Jojo Jose updated STDCXX-1053:
------------------------------

    Description: 
Hi All,

Please let me know, if anybody can provide some clue on this.

I have been using Xerces as XML parser in my C++ application and I have 
recently migrated my Xerces version from 1.3 (very old) to 3.1.

After that, when I call AbstractDOMParser::parse(const xercesc_3_1::InputSource 
& source={...}) and passing a Unicode file as input, it pops up exception. 
However the same works ok for ANSI.

The call stack is as shown below.

xerces-c_3_1.dll!xercesc_3_1::XMLScanner::scanProlog()  Line 1227 + 0x25 bytes
xerces-c_3_1.dll!xercesc_3_1::IGXMLScanner::scanDocument(const 
xercesc_3_1::InputSource & src={...})  Line 210
xerces-c_3_1.dll!xercesc_3_1::AbstractDOMParser::parse(const 
xercesc_3_1::InputSource & source={...})  Line 549
EPConfigTool.dll!XCfgXMLParser::parse()  Line 66 - // My application code

In the code, it is reaching at  
else
{
 emitError(XMLErrs::InvalidDocumentStructure);
...
}

The function at parse fail is as shown below:

void XMLScanner::scanProlog()
{
    bool sawDocTypeDecl = false;
    // Get a buffer for whitespace processing
    XMLBufBid bbCData(&fBufMgr);

    //  Loop through the prolog.
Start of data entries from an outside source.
(* For every $T\in L(W,V)$ with $\mathcal{I}_T=(p_1,\ldots,p_k)$, we have $\dim \mathfrak{I}(T)=\deg \prod_{i=1}^{k}p_i$.
   Context: Let $\mathbb{F}_q$ be the finite field with $q$ elements and let $n\ge k$ be positive integers. Let $V$ be an $n$-dimensional $\mathbb{F}_q$-vector space and $W\subseteq V$ a $k$-dimensional subspace. Fix an ordered basis $\mathcal{B}_1=(v_1,\ldots,v_k)$ of $W$ and extend it to an ordered basis $\mathcal{B}_2=(v_1,\ldots,v_n)$ of $V$. $L(W,V)$ denotes the space of $\mathbb{F}_q$-linear maps $W\to V$. $I_{n,k}\in M_{n,k}(\mathbb{F}_q)$ is the matrix whose $(i,j)$ entry is $1$ if $i=j$ and $0$ otherwise. For a nonzero polynomial matrix $A\in M_{n,k}(\mathbb{F}_q[x])$, its $i$-th determinantal divisor $\delta_i(A)$ is the monic gcd of all $i\times i$ minors of $A$ (with $\delta_0=1$), and its invariant factors are the monic polynomials $p_i=\delta_i(A)/\delta_{i-1}(A)$ (for those $i$ with $\delta_i(A)\neq 0$); they satisfy $p_i\mid p_{i+1}$ and are the diagonal entries of the Smith normal form of $A$. For $T\in L(W,V)$ with matrix $B\in M_{n,k}(\mathbb{F}_q)$ with respect to $\mathcal{B}_1,\mathcal{B}_2$, the matrix $xI_{n,k}-B$ always has $\delta_k\neq 0$, hence exactly $k$ invariant factors $p_1\mid p_2\mid\cdots\mid p_k$; these are called the invariant factors of $T$, and we write $\mathcal{I}_T=(p_1,\ldots,p_k)$. $\mathfrak{I}(T)$ denotes the maximal $T$-invariant subspace contained in $W$, i.e. the largest subspace $U\subseteq W$ with $T(U)\subseteq U$. *)

theory Defs
  imports "Jordan_Normal_Form.Determinant" "Jordan_Normal_Form.DL_Submatrix"
    "HOL-Computational_Algebra.Polynomial_Factorial"
begin

definition charmat :: "'a::field mat \<Rightarrow> 'a poly mat" where
  "charmat B = mat (dim_row B) (dim_col B)
     (\<lambda>(i,j). (if i = j then [:0, 1:] else 0) - [: B $$ (i,j) :])"

definition det_divisor :: "'a::field_gcd poly mat \<Rightarrow> nat \<Rightarrow> 'a poly" where
  "det_divisor A i = (if i = 0 then 1 else
     Gcd {det (submatrix A I J) | I J. I \<subseteq> {..<dim_row A} \<and> J \<subseteq> {..<dim_col A}
                                     \<and> card I = i \<and> card J = i})"

definition inv_factor :: "'a::field_gcd poly mat \<Rightarrow> nat \<Rightarrow> 'a poly" where
  "inv_factor A i = det_divisor A i div det_divisor A (i - 1)"

text \<open>Matrix of T : W \<rightarrow> V w.r.t. the bases take k bs of W and bs of V.\<close>
definition matrix_of_map ::
  "('a::field \<Rightarrow> 'v::ab_group_add \<Rightarrow> 'v) \<Rightarrow> 'v list \<Rightarrow> nat \<Rightarrow> ('v \<Rightarrow> 'v) \<Rightarrow> 'a mat" where
  "matrix_of_map scale bs k T =
     mat (length bs) k (\<lambda>(i,j). module.representation scale (set bs) (T (bs ! j)) (bs ! i))"

definition max_inv_subspace ::
  "('a::field \<Rightarrow> 'v::ab_group_add \<Rightarrow> 'v) \<Rightarrow> 'v set \<Rightarrow> ('v \<Rightarrow> 'v) \<Rightarrow> 'v set" where
  "max_inv_subspace scale W T =
     (GREATEST U. module.subspace scale U \<and> U \<subseteq> W \<and> T ` U \<subseteq> U)"

end

theory Submission
  imports Defs "Jordan_Normal_Form.Char_Poly"
begin

text \<open>Work in a basis of \<open>V\<close> whose first \<open>m = dim \<frakI>(T)\<close> vectors span \<open>\<frakI>(T)\<close> and whose first
  \<open>k\<close> vectors span \<open>W\<close>. Changing bases multiplies \<open>xI\<^sub>n\<^sub>,\<^sub>k - B\<close> on both sides by invertible constant
  matrices, so \<open>\<delta>\<^sub>k\<close>, which is the product of the invariant factors, does not change. In the adapted
  basis \<open>B\<close> is block upper triangular, so the characteristic polynomial \<open>\<chi>\<close> of the leading
  \<open>m \<times> m\<close> block (of degree \<open>m\<close>) divides \<open>\<delta>\<^sub>k\<close>, and \<open>p = \<delta>\<^sub>k / \<chi>\<close> divides every maximal minor of
  the trailing characteristic matrix. If \<open>p\<close> were not constant, Cramer's rule modulo \<open>p\<close> would give
  a nonzero polynomial vector \<open>w\<close> of degree below \<open>deg p\<close> annihilated modulo \<open>p\<close>; reading the
  coefficients of all such vectors in the remaining basis vectors of \<open>W\<close> yields a \<open>T\<close>-invariant
  subspace of \<open>W\<close> beyond \<open>\<frakI>(T)\<close>, contradicting maximality. Hence \<open>\<delta>\<^sub>k = \<chi>\<close>.\<close>

section \<open>Minors and determinantal divisors\<close>

text \<open>Unlike \<open>submatrix\<close>, the row and column selectors need not be increasing or injective.\<close>
definition sel_mat :: "nat \<Rightarrow> 'a mat \<Rightarrow> (nat \<Rightarrow> nat) \<Rightarrow> (nat \<Rightarrow> nat) \<Rightarrow> 'a mat" where
  "sel_mat t A f h = mat t t (\<lambda>(r,c). A $$ (f r, h c))"

lemma sel_mat_carrier [simp]: "sel_mat t A f h \<in> carrier_mat t t"
  unfolding sel_mat_def by simp

lemma sel_mat_dim [simp]: "dim_row (sel_mat t A f h) = t" "dim_col (sel_mat t A f h) = t"
  unfolding sel_mat_def by simp_all

lemma sel_mat_index [simp]: "r < t \<Longrightarrow> c < t \<Longrightarrow> sel_mat t A f h $$ (r,c) = A $$ (f r, h c)"
  unfolding sel_mat_def by simp

definition dvd_minors :: "'a::comm_ring_1 \<Rightarrow> 'a mat \<Rightarrow> nat \<Rightarrow> bool" where
  "dvd_minors g A t \<longleftrightarrow> (\<forall>I J. I \<subseteq> {..<dim_row A} \<longrightarrow> J \<subseteq> {..<dim_col A} \<longrightarrow>
     card I = t \<longrightarrow> card J = t \<longrightarrow> g dvd det (submatrix A I J))"

lemma pick_less:
  assumes "I \<subseteq> {..<n}" "card I = k" "r < k"
  shows "pick I r < n"
  using pick_in_set[of r I] assms by (auto simp: card_gt_0_iff)

lemma pick_lessThan: "c < k \<Longrightarrow> pick {..<k} c = c"
proof -
  assume c: "c < k"
  then have "{a \<in> {..<k}. a < c} = {..<c}" by auto
  then show ?thesis using pick_card_in_set[of c "{..<k}"] c by simp
qed

lemma submatrix_eq_sel_mat:
  assumes "I \<subseteq> {..<dim_row A}" "card I = t" "J \<subseteq> {..<dim_col A}" "card J = t"
  shows "submatrix A I J = sel_mat t A (pick I) (pick J)"
proof -
  have rows: "{i. i < dim_row A \<and> i \<in> I} = I" and cols: "{i. i < dim_col A \<and> i \<in> J} = J"
    using assms by auto
  show ?thesis
    by (rule eq_matI) (use assms rows cols in \<open>auto simp: dim_submatrix submatrix_index\<close>)
qed

lemma submatrix_all_cols_eq_sel_mat:
  assumes "I \<subseteq> {..<dim_row A}" "card I = dim_col A" "J \<subseteq> {..<dim_col A}" "card J = dim_col A"
  shows "submatrix A I J = sel_mat (dim_col A) A (pick I) id"
proof -
  have "J = {..<dim_col A}" using assms(3,4) by (simp add: card_subset_eq)
  then show ?thesis
    using submatrix_eq_sel_mat[OF assms] by (auto intro!: eq_matI simp: pick_lessThan)
qed

lemma permutes_rank_in_image:
  assumes inj: "inj_on f {0..<t}" and I: "I = f ` {0..<t}"
  defines "\<sigma> \<equiv> \<lambda>r. if r < t then card {a\<in>I. a < f r} else r"
  shows "\<sigma> permutes {0..<t}" "\<And>r. r < t \<Longrightarrow> pick I (\<sigma> r) = f r"
proof -
  have cI: "card I = t" using I inj by (simp add: card_image)
  show pick: "pick I (\<sigma> r) = f r" if "r < t" for r
    using that I by (simp add: \<sigma>_def pick_card_in_set)
  show "\<sigma> permutes {0..<t}"
  proof (rule inj_on_nat_permutes)
    show "inj_on \<sigma> {0..<t}"
      using pick inj by (metis atLeastLessThan_iff inj_on_def)
    show "\<sigma> \<in> {0..<t} \<rightarrow> {0..<t}"
    proof
      fix r assume r: "r \<in> {0..<t}"
      have "{a\<in>I. a < f r} \<subset> I" using r I by auto
      then have "card {a\<in>I. a < f r} < card I" using I by (simp add: psubset_card_mono)
      then show "\<sigma> r \<in> {0..<t}" using r cI unfolding \<sigma>_def by auto
    qed
  qed (auto simp: \<sigma>_def)
qed

lemma det_permute_rows_cols:
  assumes S: "S \<in> carrier_mat t t" and p: "p permutes {0..<t}" and q: "q permutes {0..<t}"
  shows "det (mat t t (\<lambda>(r,c). S $$ (p r, q c))) = signof p * signof q * det S"
proof -
  let ?X = "mat t t (\<lambda>(r,c). S $$ (r, q c))"
  have X: "?X \<in> carrier_mat t t" by simp
  have XT: "?X\<^sup>T = mat t t (\<lambda>(i,j). S\<^sup>T $$ (q i, j))"
  proof (rule eq_matI)
    fix i j assume "i < dim_row (mat t t (\<lambda>(i,j). S\<^sup>T $$ (q i, j)))"
      "j < dim_col (mat t t (\<lambda>(i,j). S\<^sup>T $$ (q i, j)))"
    then have ij: "i < t" "j < t" "q i < t" using permutes_in_image[OF q, of i] by auto
    then show "?X\<^sup>T $$ (i, j) = mat t t (\<lambda>(i,j). S\<^sup>T $$ (q i, j)) $$ (i, j)"
      using S by simp
  qed simp_all
  have "det ?X = det (?X\<^sup>T)" using det_transpose[OF X] by simp
  also have "\<dots> = signof q * det (S\<^sup>T)"
    unfolding XT by (rule det_permute_rows) (use S q in simp_all)
  also have "\<dots> = signof q * det S" using det_transpose[OF S] by simp
  finally have dX: "det ?X = signof q * det S" .
  have "mat t t (\<lambda>(r,c). S $$ (p r, q c)) = mat t t (\<lambda>(i,j). ?X $$ (p i, j))"
  proof (rule eq_matI)
    fix i j assume "i < dim_row (mat t t (\<lambda>(i,j). ?X $$ (p i, j)))"
      "j < dim_col (mat t t (\<lambda>(i,j). ?X $$ (p i, j)))"
    then have "i < t" "j < t" "p i < t" using permutes_in_image[OF p, of i] by auto
    then show "mat t t (\<lambda>(r,c). S $$ (p r, q c)) $$ (i, j) = mat t t (\<lambda>(i,j). ?X $$ (p i, j)) $$ (i, j)"
      by simp
  qed simp_all
  then show ?thesis using det_permute_rows[OF X p] dX by simp
qed

lemma det_sel_mat_eq_0_if_not_inj:
  assumes "\<not> inj_on f {0..<t} \<or> \<not> inj_on h {0..<t}"
  shows "det (sel_mat t A f h) = 0"
  using assms
proof
  assume "\<not> inj_on f {0..<t}"
  then obtain i j where ij: "i \<noteq> j" "i < t" "j < t" "f i = f j" unfolding inj_on_def by auto
  then have "row (sel_mat t A f h) i = row (sel_mat t A f h) j" by (auto intro!: eq_vecI)
  then show ?thesis using det_identical_rows[OF sel_mat_carrier[of t A f h] ij(1-3)] by simp
next
  assume "\<not> inj_on h {0..<t}"
  then obtain i j where ij: "i \<noteq> j" "i < t" "j < t" "h i = h j" unfolding inj_on_def by auto
  then have "col (sel_mat t A f h) i = col (sel_mat t A f h) j" by (auto intro!: eq_vecI)
  then show ?thesis using det_identical_columns[OF sel_mat_carrier[of t A f h] ij(1-3)] by simp
qed

lemma dvd_det_sel_mat:
  assumes mins: "dvd_minors g A t"
    and f: "\<And>r. r < t \<Longrightarrow> f r < dim_row A" and h: "\<And>c. c < t \<Longrightarrow> h c < dim_col A"
  shows "g dvd det (sel_mat t A f h)"
proof (cases "inj_on f {0..<t} \<and> inj_on h {0..<t}")
  case False
  then show ?thesis using det_sel_mat_eq_0_if_not_inj[of f t h A] by simp
next
  case True
  define I where "I = f ` {0..<t}"
  define J where "J = h ` {0..<t}"
  obtain p where p: "p permutes {0..<t}" "\<And>r. r < t \<Longrightarrow> pick I (p r) = f r"
    using permutes_rank_in_image[OF conjunct1[OF True] I_def] by blast
  obtain q where q: "q permutes {0..<t}" "\<And>r. r < t \<Longrightarrow> pick J (q r) = h r"
    using permutes_rank_in_image[OF conjunct2[OF True] J_def] by blast
  have IJ: "I \<subseteq> {..<dim_row A}" "card I = t" "J \<subseteq> {..<dim_col A}" "card J = t"
    using f h True by (auto simp: I_def J_def card_image)
  let ?S = "submatrix A I J"
  have S: "?S = sel_mat t A (pick I) (pick J)" by (rule submatrix_eq_sel_mat[OF IJ])
  have "sel_mat t A f h = mat t t (\<lambda>(r,c). ?S $$ (p r, q c))"
  proof (rule eq_matI)
    fix i j assume "i < dim_row (mat t t (\<lambda>(r,c). ?S $$ (p r, q c)))"
      "j < dim_col (mat t t (\<lambda>(r,c). ?S $$ (p r, q c)))"
    then have ij: "i < t" "j < t" "p i < t" "q j < t"
      using permutes_in_image[OF p(1)] permutes_in_image[OF q(1)] by auto
    then show "sel_mat t A f h $$ (i, j) = mat t t (\<lambda>(r,c). ?S $$ (p r, q c)) $$ (i, j)"
      unfolding S using p(2) q(2) by simp
  qed simp_all
  then have "det (sel_mat t A f h) = signof p * signof q * det ?S"
    using det_permute_rows_cols[OF _ p(1) q(1), of ?S] S by simp
  moreover have "g dvd det ?S" using mins IJ unfolding dvd_minors_def by blast
  ultimately show ?thesis by simp
qed

lemma dvd_minors_det_divisor: "dvd_minors (det_divisor A t) A t"
  unfolding dvd_minors_def det_divisor_def by (auto intro!: Gcd_dvd)

lemma dvd_det_divisor: "dvd_minors g A t \<Longrightarrow> 0 < t \<Longrightarrow> g dvd det_divisor A t"
  unfolding dvd_minors_def det_divisor_def by (auto intro!: Gcd_greatest)

lemma det_divisor_dvd_Suc: "det_divisor A s dvd det_divisor A (Suc s)"
proof (rule dvd_det_divisor)
  show "dvd_minors (det_divisor A s) A (Suc s)"
    unfolding dvd_minors_def
  proof (intro allI impI)
    fix I J assume IJ: "I \<subseteq> {..<dim_row A}" "J \<subseteq> {..<dim_col A}" "card I = Suc s" "card J = Suc s"
    let ?X = "sel_mat (Suc s) A (pick I) (pick J)"
    have "det ?X = (\<Sum>j<Suc s. ?X $$ (0,j) * cofactor ?X 0 j)"
      by (rule laplace_expansion_row) auto
    also have "det_divisor A s dvd \<dots>"
    proof (rule dvd_sum)
      fix j assume j: "j \<in> {..<Suc s}"
      have "mat_delete ?X 0 j = sel_mat s A (\<lambda>r. pick I (Suc r)) (\<lambda>c. pick J (if c < j then c else Suc c))"
        using j by (auto intro!: eq_matI simp: mat_delete_def)
      moreover have "det_divisor A s dvd det \<dots>"
        by (rule dvd_det_sel_mat[OF dvd_minors_det_divisor]) (use pick_less[OF IJ(1,3)] pick_less[OF IJ(2,4)] in \<open>auto simp del: pick.simps\<close>)
      ultimately show "det_divisor A s dvd ?X $$ (0,j) * cofactor ?X 0 j" unfolding cofactor_def by simp
    qed
    finally show "det_divisor A s dvd det (submatrix A I J)"
      using submatrix_eq_sel_mat IJ by metis
  qed
qed simp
If there is no content, this could go all
    //  the way to the end of the file.
    try
    {
        while (true)
        {
            const XMLCh nextCh = fReaderMgr.peekNextChar();

            if (nextCh == chOpenAngle)
            {
                //  Ok, it could be the xml decl, a comment, the doc type line,
                //  or the start of the root element.
                if (checkXMLDecl(true))
                {
                    // There shall be at lease --ONE-- space in between
                    // the tag '<?xml' and the VersionInfo.
                    //
                    //  If we are not at line 1, col 6, then the decl was not
                    //  the first text, so its invalid.
                    const XMLReader* curReader = fReaderMgr.getCurrentReader();
                    if ((curReader->getLineNumber() != 1)
                    ||  (curReader->getColumnNumber() != 7))
                    {
                        emitError(XMLErrs::XMLDeclMustBeFirst);
                    }

                    scanXMLDecl(Decl_XML);
                }
                else if (fReaderMgr.skippedString(XMLUni::fgPIString))
                {
                    scanPI();
                }
                 else if (fReaderMgr.skippedString(XMLUni::fgCommentString))
                {
                    scanComment();
                }
                 else if (fReaderMgr.skippedString(XMLUni::fgDocTypeString))
                {
                    if (sawDocTypeDecl) {
                        emitError(XMLErrs::DuplicateDocTypeDecl);
                    }
                    scanDocTypeDecl();
                    sawDocTypeDecl = true;

                    // if reusing grammar, this has been validated already in 
first scan
                    // skip for performance
                    if (fValidate && fGrammar && !fGrammar->getValidated()) {
                        //  validate the DTD scan so far
                        fValidator->preContentValidation(fUseCachedGrammar, 
true);
                    }
                }
                else
                {
                    // Assume its the start of the root element
                    return;
                }
            }
            else if (fReaderMgr.getCurrentReader()->isWhitespace(nextCh))
            {
                //  If we have a document handler then gather up the
                //  whitespace and call back. Otherwise just skip over spaces.
                if (fDocHandler)
                {
                    fReaderMgr.getSpaces(bbCData.getBuffer());
                    fDocHandler->ignorableWhitespace
                    (
                        bbCData.getRawBuffer()
                        , bbCData.getLen()
                        , false
                    );
                }
                 else
                {
                    fReaderMgr.skipPastSpaces();
                }
            }
             else
            {
                emitError(XMLErrs::InvalidDocumentStructure);

                // Watch for end of file and break out
                if (!nextCh)
                    break;
                else
                    fReaderMgr.skipPastChar(chCloseAngle);
            }

        }
    }
    catch(const EndOfEntityException&)
    {
        //  We should never get an end of entity here. They should only
        //  occur within the doc type scanning method, and not leak out to
        //  here.
        emitError
        (
            XMLErrs::UnexpectedEOE
            , "in prolog"
        );
    }
}

It is working fine when I move back to version 1.3, but due to various other 
requirements, I have to use the new version 3.1 in my application.

Thanks in advance,
Jojo


  was:
Hi All,

Please let me know, if anybody can provide some clue on this.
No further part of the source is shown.